> _Task to carry out_
Please reproduce, exactly and in full, the lines running from the one that contains "by (intro card_mono chi_exchange_support)" to the end of the entries.

(Saved entries)

════════════════════

lemma card_fractional_coords_le_aff_dim:
  fixes \<B> :: "'n::finite set set"
  assumes mb: "matroid_bases \<B>" and F: "F face_of base_polytope \<B>" "x \<in> F"
    and \<mu>: "\<forall>B\<in>\<B>. 0 \<le> \<mu> B" "sum \<mu> \<B> = 1" "x = (\<Sum>B\<in>\<B>. \<mu> B *\<^sub>R chi B)"
  shows "int (card {i. x $ i \<noteq> 0 \<and> x $ i \<noteq> 1}) \<le> 2 * aff_dim F"
proof -
  obtain w :: "'n \<Rightarrow> real" and b where max: "\<forall>B\<in>\<B>. sum w B \<le> b"
    and F_bases: "\<And>B. B \<in> \<B> \<Longrightarrow> chi B \<in> F \<longleftrightarrow> sum w B = b"
    using face_of_base_polytope_max_weight[OF F(1)] by blast
  have support: "sum w B = b" if "B \<in> \<B>" "\<mu> B \<noteq> 0" for B
    using face_of_convex_hull_support[of \<B> F chi \<mu>] F \<mu> that F_bases
    unfolding base_polytope_def by auto
  define V where "V = (\<lambda>z. z - x) ` F"
  define D where "D = {p - q | p q. p \<in> F \<and> q \<in> F \<and> card {k. (p - q) $ k \<noteq> 0} \<le> 2}"
  have "D \<subseteq> span V"
  proof
    fix v assume "v \<in> D"
    then obtain p q where "p \<in> F" "q \<in> F" "v = p - q" unfolding D_def by blast
    then have "v = (p - x) - (q - x)" "p - x \<in> V" "q - x \<in> V" unfolding V_def by auto
    then show "v \<in> span V" by (metis span_base span_diff)
  qed
  then have "dim D \<le> dim V" by (metis dim_span dim_subset)
  moreover have "aff_dim F = int (dim V)"
    unfolding V_def by (rule aff_dim_eq_dim_subtract) (simp add: F(2) hull_inc)
  moreover have "card {i. \<exists>v\<in>D. v $ i \<noteq> 0} \<le> 2 * dim D"
    by (rule card_support_le_dim) (auto simp: D_def)
  moreover have "{i. x $ i \<noteq> 0 \<and> x $ i \<noteq> 1} \<subseteq> {i. \<exists>v\<in>D. v $ i \<noteq> 0}"
  proof safe
    fix i assume "x $ i \<noteq> 0" "x $ i \<noteq> 1"
    then have nonzero: "sum \<mu> {B\<in>\<B>. i \<in> B} \<noteq> 0" "sum \<mu> {B\<in>\<B>. i \<notin> B} \<noteq> 0"
      using convex_combination_chi_nth[OF \<mu>(2,3), of i] by simp_all
    obtain B1 where B1: "B1 \<in> \<B>" "\<mu> B1 \<noteq> 0" "i \<in> B1"
      using sum.not_neutral_contains_not_neutral[OF nonzero(1)] by blast
    obtain B2 where B2: "B2 \<in> \<B>" "\<mu> B2 \<noteq> 0" "i \<notin> B2"
      using sum.not_neutral_contains_not_neutral[OF nonzero(2)] by blast
    obtain A y where A: "A \<in> \<B>" "sum w A = b" "i \<in> A" "y \<notin> A"
      and A': "insert y (A - {i}) \<in> \<B>" "sum w (insert y (A - {i})) = b"
      using max_weight_bases_exchange[OF mb max B1(1) support[OF B1(1,2)] B2(1) support[OF B2(1,2)]]
        B1(3) B2(3) by blast
    let ?v = "chi A - chi (insert y (A - {i}))"
    have "card {k. ?v $ k \<noteq> 0} \<le> card {i, y}"
      by (intro card_mono chi_exchange_support) simp
    also have "\<dots> \<le> 2" by (simp add: card_insert_if)
    finally have "?v \<in> D" unfolding D_def using A A' F_bases by blast
    moreover have "?v $ i \<noteq> 0" using A(3,4) by auto
    ultimately show "\<exists>v\<in>D. v $ i \<noteq> 0" by blast
  qed
  then have "card {i. x $ i \<noteq> 0 \<and> x $ i \<noteq> 1} \<le> card {i. \<exists>v\<in>D. v $ i \<noteq> 0}"
    by (intro card_mono) simp_all
  ultimately show ?thesis by linarith
qed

════════════════════

> _Exercise answer_
      by (intro card_mono chi_exchange_support) simp
    also have "\<dots> \<le> 2" by (simp add: card_insert_if)
    finally have "?v \<in> D" unfolding D_def using A A' F_bases by blast
    moreover have "?v $ i \<noteq> 0" using A(3,4) by auto
    ultimately show "\<exists>v\<in>D. v $ i \<noteq> 0" by blast
  qed
  then have "card {i. x $ i \<noteq> 0 \<and> x $ i \<noteq> 1} \<le> card {i. \<exists>v\<in>D. v $ i \<noteq> 0}"
    by (intro card_mono) simp_all
  ultimately show ?thesis by linarith
qed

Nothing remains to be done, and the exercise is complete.